Seorang penjaga toko di Glasgow Skotlandia yang merupakan seorang muslim taat dibunuh secara sadis di jalan setelah mengunggah status Facebook terkait hari Paskah, Jumat (25/3) kemarin.

Ia menulis, "Jumat yang indah dan selamat hari Paskah khususnya untuk kaum kristiani yang saya sayangi. Mari kita meneladani Nabi Isa AS. Mari kita raih keberhasilan di dunia dan akhirat."

Asad Shah (40) tewas akibat tikaman dan disertai hantaman di kepala yang menimbulkan luka yang parah. Petugas medis berusaha menyelematkannya namun nyawanya tetap tidak tertolong.

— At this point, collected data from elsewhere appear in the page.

lemma nn_integral_geometric_balls_finite:
  fixes R \<rho> C \<sigma> :: real
  assumes "0 < R" "0 < \<rho>" "0 \<le> C" "0 \<le> \<sigma>" "\<sigma> * \<rho> ^ DIM('a) < 1"
  shows "(\<integral>\<^sup>+ y. (\<Sum>j. ennreal (C * \<sigma> ^ j) * indicator (ball (0::'a::euclidean_space) (R * \<rho> ^ j)) y)
           \<partial>lebesgue) < \<infinity>"
proof -
  define V where "V = measure lebesgue (ball (0::'a) 1)"
  have V: "emeasure lebesgue (ball (0::'a) 1) = ennreal V" "0 \<le> V"
    by (simp_all add: V_def emeasure_eq_measure2 lmeasurable_ball)
  have ball: "emeasure lebesgue (ball (0::'a) (R * \<rho> ^ j)) = ennreal ((R * \<rho> ^ j) ^ DIM('a) * V)" for j
    using emeasure_lebesgue_ball_conv_unit_ball[of "R * \<rho> ^ j" "0::'a"] assms V
    by (simp add: ennreal_mult)
  have "(\<integral>\<^sup>+ y. (\<Sum>j. ennreal (C * \<sigma> ^ j) * indicator (ball (0::'a) (R * \<rho> ^ j)) y) \<partial>lebesgue)
      = (\<Sum>j. ennreal (C * \<sigma> ^ j) * emeasure lebesgue (ball (0::'a) (R * \<rho> ^ j)))"
  proof -
    have "(\<lambda>y. ennreal (C * \<sigma> ^ j) * indicator (ball (0::'a) (R * \<rho> ^ j)) y) \<in> borel_measurable lebesgue" for j
      by (intro borel_measurable_lebesgueI) measurable
    then show ?thesis
      by (simp add: nn_integral_suminf nn_integral_cmult_indicator ball_sets_lebesgue)
  qed
  also have "\<dots> = (\<Sum>j. ennreal (C * R ^ DIM('a) * V * (\<sigma> * \<rho> ^ DIM('a)) ^ j))"
  proof -
    have e1: "C * \<sigma> ^ j * ((R * \<rho> ^ j) ^ DIM('a) * V) = C * R ^ DIM('a) * V * (\<sigma> * \<rho> ^ DIM('a)) ^ j" for j
      by (simp add: power_mult_distrib flip: power_mult) (simp add: power_mult mult.commute mult.left_commute)
    have e2: "ennreal (C * \<sigma> ^ j) * emeasure lebesgue (ball (0::'a) (R * \<rho> ^ j))
        = ennreal (C * \<sigma> ^ j * ((R * \<rho> ^ j) ^ DIM('a) * V))" for j
      using assms V by (simp add: ball ennreal_mult)
    show ?thesis by (simp only: e1 e2)
  qed
  also have "\<dots> = ennreal (\<Sum>j. C * R ^ DIM('a) * V * (\<sigma> * \<rho> ^ DIM('a)) ^ j)"
    using assms V by (intro suminf_ennreal2 summable_mult summable_geometric) auto
  finally show ?thesis by simp
qed

lemma power_powr_swap: "0 < (x::real) \<Longrightarrow> (x ^ j) powr a = (x powr a) ^ j"
  by (simp add: powr_power powr_powr mult.commute flip: powr_realpow)

lemma nn_integral_norm_powr_ball_finite:
  fixes R a :: real
  assumes R: "0 < R" and a: "0 \<le> a" "a < DIM('a)"
  shows "(\<integral>\<^sup>+ y. ennreal (indicator (ball (0::'a::euclidean_space) R) y * norm y powr (-a)) \<partial>lebesgue) < \<infinity>"
proof (rule le_less_trans[OF nn_integral_mono nn_integral_geometric_balls_finite])
  fix y :: 'a
  show "ennreal (indicator (ball 0 R) y * norm y powr (-a))
    \<le> (\<Sum>j. ennreal ((R/2) powr (-a) * ((1/2) powr (-a)) ^ j) * indicator (ball 0 (R * (1/2) ^ j)) y)"
  proof (cases "y \<in> ball 0 R \<and> y \<noteq> 0")
    case True
    then obtain j where j: "R / 2 * (1/2) ^ j \<le> norm y" "norm y < R * (1/2) ^ j"
      using exists_dyadic_shell_below[of "norm y" R] by auto
    have "norm y powr (-a) \<le> (R / 2 * (1/2) ^ j) powr (-a)"
      using j a R by (intro powr_mono2') auto
    also have "\<dots> = (R/2) powr (-a) * ((1/2) powr (-a)) ^ j"
      using R by (subst powr_mult) (simp_all add: power_powr_swap)
    finally have "ennreal (indicator (ball 0 R) y * norm y powr (-a))
        \<le> ennreal ((R/2) powr (-a) * ((1/2) powr (-a)) ^ j) * indicator (ball 0 (R * (1/2) ^ j)) y"
      using True j by (simp add: ennreal_leI)
    also have "\<dots> \<le> (\<Sum>j. ennreal ((R/2) powr (-a) * ((1/2) powr (-a)) ^ j) * indicator (ball 0 (R * (1/2) ^ j)) y)"
      using sum_le_suminf[OF summableI, of "{j}"] by simp
    finally show ?thesis .
  qed auto
next
  have "(1/2) powr (-a) * (1/2) ^ DIM('a) = (1/2::real) powr (DIM('a) - a)"
    by (simp add: powr_diff powr_realpow powr_minus_divide)
  then show "(1/2) powr (-a) * (1/2) ^ DIM('a) < (1::real)"
    using a by (simp add: powr01_less_one)
qed (use R in auto)

lemma nn_integral_norm_powr_outside_ball_finite:
  fixes R a :: real
  assumes R: "0 < R" and a: "DIM('a) < a"
  shows "(\<integral>\<^sup>+ y. ennreal (indicator (UNIV - ball (0::'a::euclidean_space) R) y * norm y powr (-a))
           \<partial>lebesgue) < \<infinity>"
proof (rule le_less_trans[OF nn_integral_mono nn_integral_geometric_balls_finite])
  fix y :: 'a
  show "ennreal (indicator (UNIV - ball 0 R) y * norm y powr (-a))
    \<le> (\<Sum>j. ennreal (R powr (-a) * (2 powr (-a)) ^ j) * indicator (ball 0 (2 * R * 2 ^ j)) y)"
  proof (cases "y \<in> ball 0 R")
    case False
    then obtain j where j: "R * 2 ^ j \<le> norm y" "norm y < 2 * R * 2 ^ j"
      using exists_dyadic_shell_above[of R "norm y"] R by (auto simp: mult_ac)
    have "norm y powr (-a) \<le> (R * 2 ^ j) powr (-a)"
      using j a R by (intro powr_mono2') auto
    also have "\<dots> = R powr (-a) * (2 powr (-a)) ^ j"
      using R by (subst powr_mult) (simp_all add: power_powr_swap)
    finally have "ennreal (indicator (UNIV - ball 0 R) y * norm y powr (-a))
        \<le> ennreal (R powr (-a) * (2 powr (-a)) ^ j) * indicator (ball 0 (2 * R * 2 ^ j)) y"
      using False j by (simp add: ennreal_leI)
    also have "\<dots> \<le> (\<Sum>j. ennreal (R powr (-a) * (2 powr (-a)) ^ j) * indicator (ball 0 (2 * R * 2 ^ j)) y)"
      using sum_le_suminf[OF summableI, of "{j}"] by simp
    finally show ?thesis .
  qed auto
next
  have "2 powr (-a) * 2 ^ DIM('a) = (2::real) powr (DIM('a) - a)"
    by (simp add: powr_diff powr_realpow powr_minus_divide)
  then show "2 powr (-a) * 2 ^ DIM('a) < (1::real)"
    using a by (simp add: powr_less_one)
qed (use R in auto)

lemma set_integrable_norm_powr_ball:
  fixes R a :: real
  assumes "0 < R" "0 \<le> a" "a < DIM('a)"
  shows "set_integrable lebesgue (ball (0::'a::euclidean_space) R) (\<lambda>y. norm y powr (-a))"
  unfolding set_integrable_def
proof (rule integrableI_nonneg)
  show "(\<lambda>y::'a. indicator (ball 0 R) y *\<^sub>R norm y powr (-a)) \<in> borel_measurable lebesgue"
    by (intro borel_measurable_lebesgueI) measurable
qed (use nn_integral_norm_powr_ball_finite[OF assms] in auto)

lemma set_integrable_norm_powr_outside_ball:
  fixes R a :: real
  assumes "0 < R" "DIM('a) < a"
  shows "set_integrable lebesgue (UNIV - ball (0::'a::euclidean_space) R) (\<lambda>y. norm y powr (-a))"
  unfolding set_integrable_def
proof (rule integrableI_nonneg)
  show "(\<lambda>y::'a. indicator (UNIV - ball 0 R) y *\<^sub>R norm y powr (-a)) \<in> borel_measurable lebesgue"
    by (intro borel_measurable_lebesgueI) measurable
qed (use nn_integral_norm_powr_outside_ball_finite[OF assms] in auto)

lemma set_integral_norm_powr_nonneg: "0 \<le> (LINT y : A | lebesgue. norm (y::'a::euclidean_space) powr a)"
  unfolding set_lebesgue_integral_def by (intro Bochner_Integration.integral_nonneg) simp

lemma set_integrable_integral_le:
  fixes f g :: "'b \<Rightarrow> real"
  assumes g: "set_integrable M A g" and f: "set_borel_measurable M A f"
    and le: "\<And>x. x \<in> A \<Longrightarrow> \<bar>f x\<bar> \<le> g x"
  shows "set_integrable M A f" "(LINT x : A | M. f x) \<le> (LINT x : A | M. g x)"
proof -
  show fi: "set_integrable M A f"
    using le by (intro set_integrable_bound[OF g f] AE_I2) force
  show "(LINT x : A | M. f x) \<le> (LINT x : A | M. g x)"
    using le by (intro set_integral_mono[OF fi g]) (auto simp: abs_le_iff)
qed

section \<open>Principal values of even integrands\<close>

lemma uminus_as_affine:
  "(\<lambda>x::'a::euclidean_space. 0 + (\<Sum>j\<in>Basis. ((-1) * (x \<bullet> j)) *\<^sub>R j)) = uminus"
  by (rule ext) (simp add: sum_negf euclidean_representation)

lemma measurable_uminus_lebesgue: "(uminus :: 'a::euclidean_space \<Rightarrow> 'a) \<in> lebesgue \<rightarrow>\<^sub>M lebesgue"
  using lebesgue_affine_measurable[where c="\<lambda>_::'a. -1" and t=0, unfolded uminus_as_affine] by simp

lemma distr_lebesgue_uminus: "distr lebesgue lebesgue uminus = (lebesgue :: 'a::euclidean_space measure)"
  using lebesgue_affine_euclidean[where c="\<lambda>_::'a. -1" and t=0, unfolded uminus_as_affine]
  by (simp add: density_1)

lemma integral_reflect_lebesgue:
  fixes f :: "'a::euclidean_space \<Rightarrow> real"
  assumes "f \<in> borel_measurable lebesgue"
  shows "(\<integral>y. f (- y) \<partial>lebesgue) = integral\<^sup>L lebesgue f"
  using integral_distr[OF measurable_uminus_lebesgue assms] by (simp add: distr_lebesgue_uminus)

lemma integrable_reflect_lebesgue:
  fixes f :: "'a::euclidean_space \<Rightarrow> real"
  assumes "integrable lebesgue f"
  shows "integrable lebesgue (\<lambda>y. f (- y))"
  using assms integrable_distr_eq[OF measurable_uminus_lebesgue borel_measurable_integrable[OF assms]]
  by (simp add: distr_lebesgue_uminus)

Petugas polisi Skotlandia yang berhasil menahan pelaku pembunuhan mengatakan mereka meyakini bahwa pembunuhan tersebut bermotif agama.

Seorang saksi mata berujar bahwa ia melihat dua orang laki-laki mendatangi Shah. "Satu orang menghantam kepala Shah dengan kaki. Begitu banyak darah yang tercecer di jalan."

Karangan bunga diletakkan di sekitar toko tempat Shah bekerja sebagai tanda berduka cita. Kantor agen berita dan toko yang berada di lokasi Shah tewas di Shawlands, Glasgow juga menutup tempat bekerja mereka sebagai tanda simpati. (Monika Novianti/independent.co.uk)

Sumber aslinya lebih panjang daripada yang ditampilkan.